If he prevails in court, Musk wants up to $134 billion in damages, which he has requested be given to OpenAI’s charitable division. In addition, he wants a judge to order Altman and Brockman to resign from their positions and to restore the firm’s status as a nonprofit research organization.

OpenAI accused the richest person of a “legal ambush” and complained to the judge that Musk’s proposed remedies were an 11th-hour surprise. OpenAI, Altman, Brockman, and Microsoft have all refuted any misconduct, calling Musk’s allegations harassment. There will be two stages to the trial.

A jury will hear arguments and testimony regarding Musk’s accusations, which now center on two claims: breach of charitable trust and unjust enrichment.

Gonzalez Rogers, who will ultimately determine whether Musk has proven his claims, will not be bound by the panel’s “advisory verdict.”. Gonzalez Rogers will hear arguments regarding the remedies Musk is requesting and render a decision during the second phase of the proceedings.

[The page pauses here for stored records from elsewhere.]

(* Let $\mathcal{G}$ be the affine plane of order $3$, let $R$ be a commutative ring with $2=0$, let $A=M_R(\mathcal{G},1)$ and $A'=A/\operatorname{Ann}(A)$ (an $8$-dimensional algebra). For each of the $12$ lines $\ell$ of $\mathcal{G}$, let $A'^\ell_0$ and $A'^\ell_1$ be the eigenspaces of $\operatorname{ad}_\ell$ on $A'$ for the eigenvalues $0$ and $1$. Then for each line $\ell$, $A'=A'^\ell_0\oplus A'^\ell_1$ and \[ A'^\ell_0A'^\ell_0\subseteq A'^\ell_0,\quad A'^\ell_0A'^\ell_1\subseteq A'^\ell_1,\quad A'^\ell_1A'^\ell_1\subseteq A'^\ell_0, \] i.e. $A'$ is a decomposition algebra with fusion law $0*0=\{0\}$, $0*1=1*0=\{1\}$, $1*1=\{0\}$.
   Context: The affine plane of order $3$ is the partial linear space of the $9$ points and $12$ lines of the affine plane over $\mathbb{F}_3$ (the Fischer space of $3^2:2$); for distinct points $p,q$ (all distinct pairs are collinear, written $p\sim q$), $p\wedge q$ is the third point of their line. The nilpotent Matsuo algebra $A=M_R(\mathcal{G},1)$ is the free $R$-module with basis the points and commutative bilinear product $p\cdot q=0$ if $p=q$, and $p\cdot q=p+q+p\wedge q$ if $p\sim q$. $\operatorname{Ann}(A)=\{v\in A: vw=0\ \forall w\in A\}$ and $A'=A/\operatorname{Ann}(A)$ with induced product. For a line $\ell$ we also write $\ell$ for the sum of its three points, and $\operatorname{ad}_\ell(v)=\ell v$ (also on $A'$); the eigenspace for $\lambda$ is $\{v:\ell v=\lambda v\}$. *)

theory Defs
  imports Main "HOL-Library.Numeral_Type"
begin

text \<open>Points of the affine plane of order 3: the vectors of F_3^2, modelled by the
  finite type 3 \<times> 3 (the numeral type 3 is the ring Z/3Z).  Any two distinct points
  are collinear, and the third point of the line through p and q is -(p+q).\<close>

type_synonym point = "3 \<times> 3"

definition wedge :: "point \<Rightarrow> point \<Rightarrow> point" where
  "wedge p q = (- (fst p + fst q), - (snd p + snd q))"

definition lines :: "point set set" where
  "lines = {{p, q, wedge p q} | p q. p \<noteq> q}"

text \<open>The nilpotent Matsuo algebra M_R(G,1): elements are coefficient functions
  point \<Rightarrow> R (free R-module on the 9 points); product extended bilinearly from
  p\<cdot>p = 0 and p\<cdot>q = p + q + p\<wedge>q for p \<noteq> q.\<close>

definition basis_prod :: "point \<Rightarrow> point \<Rightarrow> point \<Rightarrow> 'r::comm_ring_1" where
  "basis_prod p q = (\<lambda>x. if p \<noteq> q \<and> (x = p \<or> x = q \<or> x = wedge p q) then 1 else 0)"

definition mprod :: "(point \<Rightarrow> 'r::comm_ring_1) \<Rightarrow> (point \<Rightarrow> 'r) \<Rightarrow> (point \<Rightarrow> 'r)" where
  "mprod v w = (\<lambda>x. \<Sum>p\<in>UNIV. \<Sum>q\<in>UNIV. v p * w q * basis_prod p q x)"

definition Ann :: "(point \<Rightarrow> 'r::comm_ring_1) set" where
  "Ann = {v. \<forall>w x. mprod v w x = 0}"

text \<open>A line, viewed as the sum of its three points.\<close>
definition line_vec :: "point set \<Rightarrow> point \<Rightarrow> 'r::comm_ring_1" where
  "line_vec l = (\<lambda>x. if x \<in> l then 1 else 0)"

text \<open>We work with representatives: the class of v in A' lies in the
  \<lambda>-eigenspace of ad_l on A' iff l v - \<lambda> v \<in> Ann(A).  qeig l lam is the preimage in A of
  the eigenspace A'^l_lam.\<close>
definition qeig :: "point set \<Rightarrow> 'r::comm_ring_1 \<Rightarrow> (point \<Rightarrow> 'r) set" where
  "qeig l lam = {v. (\<lambda>x. mprod (line_vec l) v x - lam * v x) \<in> Ann}"

end

theory Submission
  imports Defs "HOL-Number_Theory.Cong"
begin

text \<open>Write \<open>L\<close> for \<open>ad\<^sub>\<ell>\<close>. Modulo \<open>Ann(A)\<close>, \<open>L\<close> is idempotent and a derivation of \<open>A\<close>, and
  this alone forces the fusion law: \<open>v = (v - L v) + L v\<close> splits \<open>A'\<close> into the two eigenspaces,
  and \<open>L (v w) = (L v) w + v (L w)\<close> gives the products, with \<open>1 * 1\<close> landing in the
  \<open>0\<close>-eigenspace because \<open>2 v w = 0\<close>.
  Both properties are statements about integer structure constants: when \<open>2 = 0\<close>, every constant
  vector is annihilated (each column of the multiplication table has an even sum), so it suffices that
  the defect kernels of idempotence and of the derivation rule are constant modulo 2 in the output
  point. The affine group of \<open>F\<^sub>3\<^sup>2\<close> acts transitively on the lines, so this has to be checked for
  one line only, which is a finite computation.\<close>

lemma ex_of_nat_less_3: "\<exists>k<3. (a :: 3) = of_nat k"
proof (cases a)
  case (of_int z)
  then show ?thesis by (intro exI[of _ "nat z"]) auto
qed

Along with Altman and others, Musk co-founded OpenAI in 2015. However, in recent years, the former business partners have turned into fierce rivals. After leaving the OpenAI board in 2018, Musk co-founded the company in 2023.

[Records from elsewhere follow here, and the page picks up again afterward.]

lemma lborel_integral_translate:
  fixes f :: "'a::euclidean_space \<Rightarrow> 'b::{banach, second_countable_topology}"
  shows "(\<integral>x. f (x + h) \<partial>lborel) = (\<integral>x. f x \<partial>lborel)"
  using lborel_integral_affine[of 1 f h] by (simp add: add.commute)

lemma lborel_integrable_reflect_iff:
  fixes f :: "'a::euclidean_space \<Rightarrow> 'b::{banach, second_countable_topology}"
  shows "integrable lborel (\<lambda>y. f (x - y)) \<longleftrightarrow> integrable lborel f"
  using lborel_integrable_affine_iff[of "-1" f x] by simp

lemma lborel_integral_reflect:
  fixes f :: "'a::euclidean_space \<Rightarrow> 'b::{banach, second_countable_topology}"
  shows "(\<integral>y. f (x - y) \<partial>lborel) = (\<integral>y. f y \<partial>lborel)"
  using lborel_integral_affine[of "-1" f x] by simp

lemma nn_integral_lborel_translate:
  fixes f :: "'a::euclidean_space \<Rightarrow> ennreal"
  assumes "f \<in> borel_measurable borel"
  shows "(\<integral>\<^sup>+x. f (x + h) \<partial>lborel) = (\<integral>\<^sup>+x. f x \<partial>lborel)"
  using nn_integral_lborel_affine[OF assms, of 1 h] by (simp add: add.commute)

lemma continuous_AE_le_imp_le:
  fixes f g :: "'a::euclidean_space \<Rightarrow> real"
  assumes "continuous_on UNIV f" "continuous_on UNIV g" "open S"
    and "AE x in lborel. x \<in> S \<longrightarrow> f x \<le> g x"
  shows "\<forall>x\<in>S. f x \<le> g x"
proof -
  let ?B = "{x\<in>S. g x < f x}"
  have "open ?B"
    using open_Int[OF assms(3) open_Collect_less[OF assms(2,1)]] by (simp add: Collect_conj_eq)
  then have "?B \<in> null_sets lborel"
    using assms(4) by (subst (asm) AE_iff_measurable[of ?B]) auto
  then have "negligible ?B"
    by (simp add: negligible_iff_null_sets null_sets_completionI)
  then have "?B = {}"
    using open_not_negligible \<open>open ?B\<close> by blast
  then show ?thesis by force
qed

lemma tendsto_emeasure_diff_cball:
  fixes A :: "'a::euclidean_space set"
  assumes [measurable]: "A \<in> sets borel" and A_fin: "emeasure lborel A < \<infinity>"
  shows "(\<lambda>n. emeasure lborel (A - cball 0 (real n))) \<longlonglongrightarrow> 0"
proof -
  have "emeasure lborel (A - cball 0 (real n)) \<noteq> \<infinity>" for n
    using order.strict_trans1[OF emeasure_mono A_fin, of "A - cball 0 (real n)"] by auto
  then have lim: "(\<lambda>n. emeasure lborel (A - cball 0 (real n)))
      \<longlonglongrightarrow> emeasure lborel (\<Inter>n. A - cball 0 (real n))"
    by (intro Lim_emeasure_decseq) (auto simp: decseq_def)
  have empty: "(\<Inter>n. A - cball 0 (real n)) = {}"
  proof (intro equals0I)
    fix x assume x: "x \<in> (\<Inter>n. A - cball 0 (real n))"
    obtain n where "norm x \<le> real n"
      using real_arch_simple by blast
    moreover have "x \<in> A - cball 0 (real n)"
      using x by (rule INT_D) simp
    ultimately show False
      by simp
  qed
  from lim show ?thesis
    unfolding empty emeasure_empty .
qed

lemma lborel_compact_open_approx:
  fixes A :: "'a::euclidean_space set" and e :: real
  assumes A[measurable]: "A \<in> sets borel" and A_fin: "emeasure lborel A < \<infinity>" and e: "e > 0"
  obtains T U where "compact T" "T \<subseteq> A" "open U" "A \<subseteq> U" "emeasure lborel (U - T) < e"
proof -
  have "eventually (\<lambda>n. emeasure lborel (A - cball 0 (real n)) < ennreal (e/3)) sequentially"
    using order_tendstoD(2)[OF tendsto_emeasure_diff_cball[OF A A_fin], of "ennreal (e/3)"] e by simp
  then obtain n where n: "emeasure lborel (A - cball 0 (real n)) < ennreal (e/3)"
    by (auto simp: eventually_sequentially)
  define B where "B = A \<inter> cball 0 (real n)"
  have "B \<in> sets lebesgue"
    by (simp add: B_def)
  then obtain T where T: "closed T" "T \<subseteq> B" "emeasure lebesgue (B - T) < ennreal (e/3)"
    using sets_lebesgue_inner_closed[of B "e/3"] e by (metis divide_pos_pos zero_less_numeral)
  have [measurable]: "T \<in> sets borel"
    using T(1) by simp
  have BT: "emeasure lborel (B - T) < ennreal (e/3)"
    using T(3) by (simp add: B_def)
  obtain U where U: "open U" "A \<subseteq> U" "emeasure lborel (U - A) < ennreal (e/3)"
    using outer_regular_lborel[OF A, of "e/3"] e by auto
  have [measurable]: "U \<in> sets borel"
    using U(1) by simp
  have "T \<subseteq> cball 0 (real n)"
    using T(2) by (simp add: B_def)
  then have "compact T"
    using T(1) bounded_cball bounded_subset compact_eq_bounded_closed by blast
  moreover have "T \<subseteq> A"
    using T(2) by (simp add: B_def)
  moreover have "emeasure lborel (U - T) < e"
  proof -
    have "emeasure lborel (U - T) \<le> emeasure lborel ((U - A) \<union> (A - cball 0 (real n)) \<union> (B - T))"
      by (intro emeasure_mono) (auto simp: B_def)
    also have "\<dots> \<le> emeasure lborel (U - A) + emeasure lborel (A - cball 0 (real n)) + emeasure lborel (B - T)"
      by (intro order.trans[OF emeasure_subadditive] add_right_mono emeasure_subadditive)
         (simp_all add: B_def)
    also have "\<dots> < ennreal (e/3) + ennreal (e/3) + ennreal (e/3)"
      using U(3) n BT by (intro add_strict_mono)
    also have "\<dots> = ennreal e"
      using e by (simp flip: ennreal_plus)
    finally show ?thesis .
  qed
  ultimately show ?thesis
    using that U(1,2) by blast
qed

definition L1_translation_continuous :: "('a::euclidean_space \<Rightarrow> 'b::{banach, second_countable_topology}) \<Rightarrow> bool" where
  "L1_translation_continuous f \<longleftrightarrow>
     (\<forall>e>0. \<exists>d>0. \<forall>h. norm h < d \<longrightarrow> (LINT x|lborel. norm (f (x + h) - f x)) < e)"

lemma L1_translation_continuous_indicator:
  fixes A :: "'a::euclidean_space set"
  assumes A[measurable]: "A \<in> sets borel" and A_fin: "emeasure lborel A < \<infinity>"
  shows "L1_translation_continuous (indicator A :: 'a \<Rightarrow> real)"
  unfolding L1_translation_continuous_def
proof (intro allI impI)
  fix e :: real assume "e > 0"
  obtain T U where T: "compact T" "T \<subseteq> A" and U: "open U" "A \<subseteq> U"
    and UT: "emeasure lborel (U - T) < ennreal (e/2)"
    using lborel_compact_open_approx[OF A A_fin, of "e/2"] \<open>e > 0\<close> by auto
  define D where "D = U - T"
  have [measurable]: "D \<in> sets borel"
    using T(1) U(1) by (simp add: D_def compact_imp_closed)
  have D_fin: "emeasure lborel D < \<infinity>"
    using UT by (simp add: D_def order.strict_trans)
  then have D_int: "integrable lborel (indicator D :: 'a \<Rightarrow> real)"
    by simp
  have "ennreal (measure lborel D) < ennreal (e/2)"
    using UT D_fin by (simp add: D_def emeasure_eq_ennreal_measure)
  then have "measure lborel D < e/2"
    by (simp add: ennreal_less_iff)
  have "T \<inter> - U = {}"
    using T(2) U(2) by auto
  then obtain d where d: "d > 0" "\<forall>x\<in>T. \<forall>y\<in>- U. d \<le> dist x y"
    using separate_compact_closed[OF T(1) closed_Compl[OF U(1)]] by blast
  have "(LINT x|lborel. norm (indicator A (x + h) - indicator A x :: real)) < e" if h: "norm h < d" for h
  proof -
    have near: "x + h \<in> U" "x - h \<in> U" if "x \<in> T" for x
      using d(2) that h by (force simp: dist_norm)+
    have "norm (indicator A (x + h) - indicator A x :: real) \<le> indicator D (x + h) + indicator D x" for x
      using near[of x] near[of "x + h"] T(2) U(2) by (auto simp: indicator_def D_def)
    then have "(LINT x|lborel. norm (indicator A (x + h) - indicator A x :: real))
        \<le> (LINT x|lborel. indicator D (x + h) + indicator D x)"
      using D_int A_fin by (intro integral_mono) (auto simp: lborel_integrable_translate_iff)
    also have "\<dots> = 2 * measure lborel D"
      using D_int by (simp add: lborel_integrable_translate_iff lborel_integral_translate[of "indicator D"])
    finally show ?thesis
      using \<open>measure lborel D < e/2\<close> by simp
  qed
  with d(1) show "\<exists>d>0. \<forall>h. norm h < d \<longrightarrow> (LINT x|lborel. norm (indicator A (x + h) - indicator A x :: real)) < e"
    by blast
qed

lemma L1_translation_continuous_scaleR:
  fixes f :: "'a::euclidean_space \<Rightarrow> real" and c :: "'b::{banach, second_countable_topology}"
  assumes "L1_translation_continuous f"
  shows "L1_translation_continuous (\<lambda>x. f x *\<^sub>R c)"
  unfolding L1_translation_continuous_def
proof (intro allI impI)
  fix e :: real assume "e > 0"
  have "norm c + 1 > 0"
    by (simp add: add_nonneg_pos)
  with \<open>e > 0\<close> have "e / (norm c + 1) > 0"
    by simp
  then obtain d where "d > 0" and d: "\<And>h. norm h < d \<Longrightarrow> (LINT x|lborel. norm (f (x + h) - f x)) < e / (norm c + 1)"
    using assms unfolding L1_translation_continuous_def by blast
  have "(LINT x|lborel. norm (f (x + h) *\<^sub>R c - f x *\<^sub>R c)) < e" if "norm h < d" for h
  proof -
    have "(LINT x|lborel. norm (f (x + h) *\<^sub>R c - f x *\<^sub>R c)) = (LINT x|lborel. norm (f (x + h) - f x)) * norm c"
      unfolding scaleR_left_diff_distrib[symmetric] norm_scaleR by simp
    also have "\<dots> \<le> e / (norm c + 1) * norm c"
      using d[OF that] by (intro mult_right_mono) auto
    also have "\<dots> < e / (norm c + 1) * (norm c + 1)"
      using \<open>e / (norm c + 1) > 0\<close> by (intro mult_strict_left_mono) auto
    also have "\<dots> = e"
      using \<open>norm c + 1 > 0\<close> by simp
    finally show ?thesis .
  qed
  with \<open>d > 0\<close> show "\<exists>d>0. \<forall>h. norm h < d \<longrightarrow> (LINT x|lborel. norm (f (x + h) *\<^sub>R c - f x *\<^sub>R c)) < e"
    by blast
qed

Meta, Microsoft to Trim Thousands of Jobs Through Buyouts and Layoffs

Meta and Microsoft are planning layoffs or announcing buyouts that could impact up to 23,000 jobs to streamline operations and counteract significant spending on artificial intelligence. In an internal memo on Thursday, Meta informed staff that it intended to lay off 10% of its workforce, or about 8,000 workers, beginning on May 20.

Meta Rebounds on Earnings, Though Spending Outlook Keeps Investors Cautious

Additionally, the social media company stated that it would not fill 6,000 open positions. Microsoft offered thousands of its US employees voluntary buyouts in a memo it released earlier in the day. A person familiar with the planning estimates that the buyouts will be available to about 7% of the US workforce.

The source, who asked to remain anonymous to discuss an internal issue, stated that the company has never carried out buyouts of this magnitude before. As of June 2025, Microsoft employed 125,000 people in the United States. Approximately 8,750 workers would then be qualified for the program.

Microsoft announced new AI investments in Australia and Japan this month as part of its race to build data centers worldwide. In the meantime, Meta has announced multiple multibillion-dollar agreements with AI partners in recent months and has predicted record capital expenditures this year. In recent years, both businesses have implemented multiple rounds of layoffs. The memo, written by Chief People Officer Janelle Gale, referenced Meta’s AI expenditures.

She stated in the note, “We’re doing this as part of our continued effort to run the company more efficiently and to allow us to offset the other investments we’re making.”. The Reality Labs division and other teams have already experienced job cuts, which caused Meta employees to worry. According to Gale, the company was making the layoffs public early because information about the plan had already leaked. Earlier this month, Meta’s planned workforce reductions were first reported by Reuters.